4)  Inspect top hits and verify they make sense with citations (`doc_id`/`page`/`section`).

## Optional: Answer synthesis with Gemini
- Retrieve top-k chunks, then ask Gemini to compose a concise answer citing pages.
- Requires `GOOGLE_API_KEY`.
- Keep prompts small; pass only the needed chunk texts to control cost.

In [None]:
USE_GEMINI_FOR_ANSWERS = bool(GOOGLE_API_KEY) and EMBEDDING_BACKEND == 'gemini'

def answer_with_gemini(query: str, retrieved: List[Dict[str, Any]]) -> str:
    assert GOOGLE_API_KEY, "GOOGLE_API_KEY not set."
    import google.generativeai as genai
    genai.configure(api_key=GOOGLE_API_KEY)
    
    ctx_lines = []
    for r in retrieved:
        m = r["metadata"]
        cite = f"{m.get('doc_id','?')} p.{m.get('page','?')}"
        ctx_lines.append(f"Source [{cite}]:\n{r['text']}")
    context = "\n\n".join(ctx_lines)
    
    prompt = (
        "You are a helpful assistant. Use only the provided context to answer the question. "
        "Your answer must be concise and grounded in the provided text. "
        "Cite your sources in brackets like [doc_id p.page]. If the information is not in the context, say you don't know.\n\n"
        f"-- CONTEXT --\n{context}\n\n-- QUESTION --\n{query}\n\n-- ANSWER --"
    )
    
    model = genai.GenerativeModel("gemini-1.5-flash")
    resp = model.generate_content(prompt)
    return resp.text

if USE_GEMINI_FOR_ANSWERS:
    q = "What are the termination conditions in this agreement?"
    print(f"\n--- Answering with Gemini: '{q}' ---")
    top = search(q, index2, backend, store2, vectors=vectors2, top_k=5, use_mmr=True)
    ans = answer_with_gemini(q, top)
    print(ans)
else:
    print("\nGemini answering disabled (GOOGLE_API_KEY not set or backend is not 'gemini').")
    print("Retrieval results above can guide manual inspection.")

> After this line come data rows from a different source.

text \<open>The windows of the claimed vertices cover an interval [-na, nb] containing 0 and j.\<close>
lemma claimed_segment_excess_mass:
  fixes X :: "int \<Rightarrow> real" and j :: int
  assumes X_nonneg: "\<And>k. 0 \<le> X k" and "0 \<le> \<gamma>" "\<gamma> \<le> \<alpha> / 7"
    and claimed: "\<And>i. min 0 j \<le> i \<Longrightarrow> i \<le> max 0 j \<Longrightarrow>
      \<exists>m::nat. 1 \<le> m \<and> \<alpha> * real m \<le> (\<Sum>k\<in>window i m. X k)"
  obtains na nb where "(\<alpha> / 7 - \<gamma>) * (real_of_int \<bar>j\<bar> + 1)
    \<le> X 0 + (\<Sum>i<nb. X (int i + 1) - \<gamma>) + (\<Sum>i<na. X (- int i - 1) - \<gamma>)"
proof -
  define J where "J = {min 0 j..max 0 j}"
  define r where "r i = (SOME m::nat. 1 \<le> m \<and> \<alpha> * real m \<le> (\<Sum>k\<in>window i m. X k))"
    for i
  have r: "1 \<le> r i \<and> \<alpha> * real (r i) \<le> (\<Sum>k\<in>window i (r i). X k)"
    if "i \<in> J" for i
  proof -
    have "\<exists>m::nat. 1 \<le> m \<and> \<alpha> * real m \<le> (\<Sum>k\<in>window i m. X k)"
      using claimed that unfolding J_def by simp
    then show ?thesis
      unfolding r_def by (rule someI_ex)
  qed
  have "min 0 j \<le> max 0 j"
    by simp
  then obtain a b where ab: "a \<le> min 0 j" "max 0 j \<le> b"
    and U: "(\<Union>i\<in>J. window i (r i)) = {a..b}"
    unfolding J_def by (rule UN_centered_intervals_eq_interval)
  have "0 \<le> \<alpha>"
    using assms(2,3) by simp
  then have "\<alpha> / 7 * real (card (\<Union>i\<in>J. window i (r i)))
      \<le> (\<Sum>k\<in>(\<Union>i\<in>J. window i (r i)). X k)"
    using r by (intro mass_UN_windows_ge X_nonneg) (auto simp: J_def)
  then have "\<alpha> / 7 * real (card {a..b}) \<le> (\<Sum>k\<in>{a..b}. X k)"
    unfolding U .
  moreover obtain na nb where ab_nat: "a = - int na" "b = int nb"
  proof
    show "a = - int (nat (- a))" "b = int (nat b)"
      using ab by auto
  qed
  moreover have "card {- int na..int nb} = na + nb + 1"
    by simp
  ultimately have mass: "\<alpha> / 7 * (real na + real nb + 1)
      \<le> X 0 + (\<Sum>i<nb. X (int i + 1)) + (\<Sum>i<na. X (- int i - 1))"
    by (simp only: sum_int_interval_split) (simp add: algebra_simps)
  have "(\<alpha> / 7 - \<gamma>) * (real_of_int \<bar>j\<bar> + 1)
      \<le> (\<alpha> / 7 - \<gamma>) * (real na + real nb + 1)"
  proof (rule mult_left_mono)
    have "\<bar>j\<bar> \<le> - a + b"
      using ab by linarith
    then show "real_of_int \<bar>j\<bar> + 1 \<le> real na + real nb + 1"
      using ab_nat by simp
  qed (use assms(3) in simp)
  also have "\<dots> \<le> X 0 + (\<Sum>i<nb. X (int i + 1) - \<gamma>) + (\<Sum>i<na. X (- int i - 1) - \<gamma>)"
    using mass assms(2) by (simp add: sum_subtractf algebra_simps)
  finally show ?thesis
    by (rule that)
qed

section \<open>The cluster of the origin\<close>

lemma set_size_le_if_abs_bounded:
  fixes C :: "int set" and B :: ennreal and c :: real
  assumes "0 < c" and bound: "\<And>j. j \<in> C \<Longrightarrow> ennreal (c * (real_of_int \<bar>j\<bar> + 1)) \<le> B"
  shows "set_size C \<le> ennreal (2 / c) * B + 3"
proof (cases B)
  case (real r)
  define N where "N = nat \<lceil>r / c\<rceil>"
  have "C \<subseteq> {- int N..int N}"
  proof
    fix j assume "j \<in> C"
    then have "c * (real_of_int \<bar>j\<bar> + 1) \<le> r"
      using bound real by simp
    then have "real_of_int \<bar>j\<bar> \<le> r / c"
      using \<open>0 < c\<close> by (simp add: pos_le_divide_eq algebra_simps)
    then show "j \<in> {- int N..int N}"
      unfolding N_def by auto linarith+
  qed
  then have "finite C" "card C \<le> 2 * N + 1"
    using card_mono[of "{- int N..int N}" C] by (auto intro: finite_subset)
  moreover have "real N \<le> r / c + 1"
    unfolding N_def using real \<open>0 < c\<close> of_int_ceiling_le_add_one[of "r / c"] by simp
  ultimately have "real (card C) \<le> 2 / c * r + 3"
    using of_nat_mono[of "card C" "2 * N + 1", where 'a=real] by simp
  then have "set_size C \<le> ennreal (2 / c * r + 3)"
    unfolding set_size_def using \<open>finite C\<close> by (simp add: ennreal_of_nat_eq_real_of_nat ennreal_leI)
  also have "\<dots> = ennreal (2 / c * r) + 3"
    using real \<open>0 < c\<close> by (simp add: ennreal_plus)
  also have "ennreal (2 / c * r) = ennreal (2 / c) * ennreal r"
    using real \<open>0 < c\<close> by (intro ennreal_mult) auto
  finally show ?thesis
    using real by simp
qed (use \<open>0 < c\<close> in \<open>simp add: ennreal_mult_top\<close>)

lemma ennreal_add_le: "ennreal (x + y) \<le> ennreal x + ennreal y"
proof -
  have "ennreal (x + y) \<le> ennreal (max 0 x + max 0 y)"
    by (intro ennreal_leI) linarith
  then show ?thesis
    by (simp add: ennreal_plus ennreal_max_0)
qed

lemma set_size_cluster0_le:
  fixes \<gamma> :: real
  assumes "0 \<le> \<gamma>" "\<gamma> < \<alpha> / 7"
  shows "set_size (cluster0 D d \<alpha> \<omega>) \<le> ennreal (2 / (\<alpha> / 7 - \<gamma>)) *
      (ennreal (real (trunc_var D d 0 \<omega>))
       + (SUP n. ennreal (\<Sum>i<n. real (trunc_var D d (int i + 1) \<omega>) - \<gamma>))
       + (SUP n. ennreal (\<Sum>i<n. real (trunc_var D d (- int i - 1) \<omega>) - \<gamma>))) + 3"
proof -
  define X where "X k = real (trunc_var D d k \<omega>)" for k
  have "set_size (cluster0 D d \<alpha> \<omega>) \<le> ennreal (2 / (\<alpha> / 7 - \<gamma>)) *
      (ennreal (X 0) + (SUP n. ennreal (\<Sum>i<n. X (int i + 1) - \<gamma>))
       + (SUP n. ennreal (\<Sum>i<n. X (- int i - 1) - \<gamma>))) + 3"
  proof (rule set_size_le_if_abs_bounded)
    show "0 < \<alpha> / 7 - \<gamma>"
      using assms by simp
    fix j assume "j \<in> cluster0 D d \<alpha> \<omega>"
    obtain na nb where "(\<alpha> / 7 - \<gamma>) * (real_of_int \<bar>j\<bar> + 1)
        \<le> X 0 + (\<Sum>i<nb. X (int i + 1) - \<gamma>) + (\<Sum>i<na. X (- int i - 1) - \<gamma>)"
    proof (rule claimed_segment_excess_mass)
      show "\<And>i. min 0 j \<le> i \<Longrightarrow> i \<le> max 0 j \<Longrightarrow>
          \<exists>m::nat. 1 \<le> m \<and> \<alpha> * real m \<le> (\<Sum>k\<in>window i m. X k)"
        using \<open>j \<in> cluster0 D d \<alpha> \<omega>\<close> unfolding cluster0_def claimed_def X_def by auto
    qed (use assms in \<open>auto simp: X_def\<close>)
    then have "ennreal ((\<alpha> / 7 - \<gamma>) * (real_of_int \<bar>j\<bar> + 1))
        \<le> ennreal (X 0 + (\<Sum>i<nb. X (int i + 1) - \<gamma>) + (\<Sum>i<na. X (- int i - 1) - \<gamma>))"
      by (rule ennreal_leI)
    also have "\<dots> \<le> ennreal (X 0) + ennreal (\<Sum>i<nb. X (int i + 1) - \<gamma>)
        + ennreal (\<Sum>i<na. X (- int i - 1) - \<gamma>)"
      by (rule order_trans[OF ennreal_add_le add_right_mono[OF ennreal_add_le]])
    also have "\<dots> \<le> ennreal (X 0) + (SUP n. ennreal (\<Sum>i<n. X (int i + 1) - \<gamma>))
         + (SUP n. ennreal (\<Sum>i<n. X (- int i - 1) - \<gamma>))"
      by (intro add_mono order_refl SUP_upper) auto
    finally show "ennreal ((\<alpha> / 7 - \<gamma>) * (real_of_int \<bar>j\<bar> + 1)) \<le> \<dots>" .
  qed
  then show ?thesis
    unfolding X_def .
qed

lemma (in prob_space) iid_neg_drift_walk_reindex:
  fixes D :: "'i \<Rightarrow> 'a \<Rightarrow> 'b" and \<sigma> :: "nat \<Rightarrow> 'i" and f :: "'b \<Rightarrow> real"
  assumes indep: "indep_vars (\<lambda>_. count_space UNIV) D UNIV"
    and ident: "\<And>i. distr M (count_space UNIV) (D i) = distr M (count_space UNIV) (D i0)"
    and "inj \<sigma>"
    and square_integrable: "integrable M (\<lambda>\<omega>. (f (D i0 \<omega>))\<^sup>2)"
    and negative_drift: "expectation (\<lambda>\<omega>. f (D i0 \<omega>)) < 0"
  shows "iid_neg_drift_walk M (\<lambda>n \<omega>. f (D (\<sigma> n) \<omega>))"
proof
  have measurable_D: "D i \<in> measurable M (count_space UNIV)" for i
    using indep unfolding indep_vars_def2 by auto
  have "indep_vars (\<lambda>_. count_space UNIV) (\<lambda>n. D (\<sigma> n)) UNIV"
    using indep_vars_reindex[OF indep_vars_subset[OF indep] \<open>inj \<sigma>\<close>] by simp
  then show "indep_vars (\<lambda>_. borel) (\<lambda>n \<omega>. f (D (\<sigma> n) \<omega>)) UNIV"
    by (rule indep_vars_compose2) simp
  have distr_f: "distr M borel (\<lambda>\<omega>. f (D i \<omega>)) = distr (distr M (count_space UNIV) (D i0)) borel f" for i
    using distr_distr[of f "count_space UNIV" borel "D i" M] measurable_D ident[of i]
    by (simp add: comp_def)
  then show "distr M borel (\<lambda>\<omega>. f (D (\<sigma> n) \<omega>)) = distr M borel (\<lambda>\<omega>. f (D (\<sigma> 0) \<omega>))" for n
    by simp
  have transfer_integrable: "integrable M (\<lambda>\<omega>. g (D i \<omega>)) \<longleftrightarrow> integrable M (\<lambda>\<omega>. g (D i0 \<omega>))"
    and transfer_integral: "(\<integral>\<omega>. g (D i \<omega>) \<partial>M) = (\<integral>\<omega>. g (D i0 \<omega>) \<partial>M)"
    for i and g :: "'b \<Rightarrow> real"
    using integrable_distr_eq[OF measurable_D[of i], of g] integral_distr[OF measurable_D[of i], of g]
      integrable_distr_eq[OF measurable_D[of i0], of g] integral_distr[OF measurable_D[of i0], of g]
    unfolding ident[of i] by simp_all
  show "integrable M (\<lambda>\<omega>. (f (D (\<sigma> 0) \<omega>))\<^sup>2)"
    using transfer_integrable[of "\<lambda>v. (f v)\<^sup>2" "\<sigma> 0"] square_integrable by simp
  show "expectation (\<lambda>\<omega>. f (D (\<sigma> 0) \<omega>)) < 0"
    using transfer_integral[of f "\<sigma> 0"] negative_drift by simp
qed

lemma measurable_trunc_var [measurable]:
  "D k \<in> measurable M (count_space UNIV) \<Longrightarrow> (\<lambda>\<omega>. trunc_var D d k \<omega>) \<in> measurable M (count_space UNIV)"
  unfolding trunc_var_def by (rule measurable_compose[of _ _ "count_space UNIV"]) simp_all

lemma (in prob_space) integrable_trunc_var:
  assumes "D 0 \<in> measurable M (count_space UNIV)" and "integrable M (\<lambda>\<omega>. (real (D 0 \<omega>))\<^sup>2)"
  shows "integrable M (\<lambda>\<omega>. real (trunc_var D d 0 \<omega>))"
proof (rule square_integrable_imp_integrable)
  show "integrable M (\<lambda>\<omega>. (real (trunc_var D d 0 \<omega>))\<^sup>2)"
  proof (rule Bochner_Integration.integrable_bound[OF assms(2)])
    show "AE \<omega> in M. norm ((real (trunc_var D d 0 \<omega>))\<^sup>2) \<le> norm ((real (D 0 \<omega>))\<^sup>2)"
      unfolding trunc_var_def by (simp add: power_mono)
  qed (use assms(1) in measurable)
qed (use assms(1) in measurable)

lemma (in prob_space) nn_integral_sup_trunc_partial_sums_finite:
  fixes D :: "int \<Rightarrow> 'a \<Rightarrow> nat" and \<sigma> :: "nat \<Rightarrow> int"
  assumes indep: "indep_vars (\<lambda>_. count_space UNIV) D UNIV"
    and ident: "\<And>i. distr M (count_space UNIV) (D i) = distr M (count_space UNIV) (D 0)"
    and square_integrable: "integrable M (\<lambda>\<omega>. (real (D 0 \<omega>))\<^sup>2)"
    and mean: "expectation (\<lambda>\<omega>. real (trunc_var D d 0 \<omega>)) < \<gamma>"
    and "inj \<sigma>"
  shows "(\<integral>\<^sup>+\<omega>. (SUP n. ennreal (\<Sum>i<n. real (trunc_var D d (\<sigma> i) \<omega>) - \<gamma>)) \<partial>M) < \<infinity>"
proof -
  define f where "f v = real (v - d) - \<gamma>" for v
  have measurable_D0 [measurable]: "D 0 \<in> measurable M (count_space UNIV)"
    using indep unfolding indep_vars_def2 by auto
  have "integrable M (\<lambda>\<omega>. (f (D 0 \<omega>))\<^sup>2)"
  proof (rule Bochner_Integration.integrable_bound)
    show "integrable M (\<lambda>\<omega>. 2 * (real (D 0 \<omega>))\<^sup>2 + 2 * \<gamma>\<^sup>2)"
      using square_integrable by simp
    have "(f v)\<^sup>2 \<le> 2 * (real v)\<^sup>2 + 2 * \<gamma>\<^sup>2" for v
    proof -
      have "(real (v - d))\<^sup>2 \<le> (real v)\<^sup>2"
        by (intro power_mono) auto
      then show ?thesis
        using power2_diff_le[of "real (v - d)" \<gamma>] unfolding f_def by linarith
    qed
    then show "AE \<omega> in M. norm ((f (D 0 \<omega>))\<^sup>2) \<le> norm (2 * (real (D 0 \<omega>))\<^sup>2 + 2 * \<gamma>\<^sup>2)"
      by simp
  qed measurable
  moreover have "expectation (\<lambda>\<omega>. f (D 0 \<omega>)) < 0"
    using integrable_trunc_var[where D=D and d=d, OF measurable_D0 square_integrable] mean
    unfolding f_def trunc_var_def by (simp add: prob_space)
  ultimately have "iid_neg_drift_walk M (\<lambda>n \<omega>. f (D (\<sigma> n) \<omega>))"
    by (rule iid_neg_drift_walk_reindex[OF indep ident \<open>inj \<sigma>\<close>])
  from iid_neg_drift_walk.nn_integral_sup_partial_sums_finite[OF this]
  show ?thesis
    unfolding f_def trunc_var_def .
qed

## Updating the index with new chunks
- You can append new documents without rebuilding from scratch (`IndexFlatIP` supports `add`).
- Remember to:
  - Embed new chunks with the **same backend**.
  - L2-normalize embeddings.
  - Append to FAISS, `vectors.npy`, and `docstore.jsonl`.
  - Update manifest count.

In [None]:
def add_chunks_to_index(new_chunks_path: Path,
                        index_dir: Path,
                        backend) -> None:
    # Load existing
    index, vectors, store, manifest = load_index(index_dir)
    
    # Load new chunks
    new_records = load_jsonl(new_chunks_path)
    new_texts = prepare_texts(new_records)
    if not new_texts:
        print("No new chunks found.")
        return
        
    print(f"Adding {len(new_records)} new chunks to index...")
    new_emb = backend.encode(new_texts, batch_size=BATCH_SIZE).astype(np.float32)
    new_emb = l2_normalize(new_emb)
    
    # Add to index and buffers
    index.add(new_emb)
    vectors = np.concatenate([vectors, new_emb], axis=0)
    for r in new_records:
        store.append({"id": r["id"], "text": r["text"], "metadata": r.get("metadata", {})})
        
    # Save back
    save_index(index, vectors, store, manifest['backend'], manifest['dim'], index_dir)
    print(f"Index updated: total vectors={index.ntotal}")

# Example (disabled by default)
# new_file = Path("./data/outputs/new_doc_chunks.jsonl")
# if new_file.exists():
#     add_chunks_to_index(new_file, INDEX_DIR, backend)
# else:
#     print(f"Skipping index update: '{new_file}' not found.")

## Practical notes
- `all-MiniLM-L6-v2` (384-dim) is a great default: small, fast, robust for general semantic search.
- Normalize embeddings and use `IndexFlatIP` to emulate cosine similarity.
- Persist a manifest including backend name and dim; **avoid mixing different embedding models** in one index.
- For 100k+ chunks, consider IVF/HNSW indexes for faster search (e.g., `IndexIVFFlat`), but start with `Flat` for correctness.
- Keep `doc_id`/`page`/`section` in docstore for citations and traceability.
- MMR re-ranking can improve diversity when top results are near-duplicates.

### Next steps
- Integrate with a LangChain retriever and QA chain.
- Add caching for embeddings (hash chunk text → vector).
- Add quality evals: query sets, hit-rate, manual judgments with a small rubric.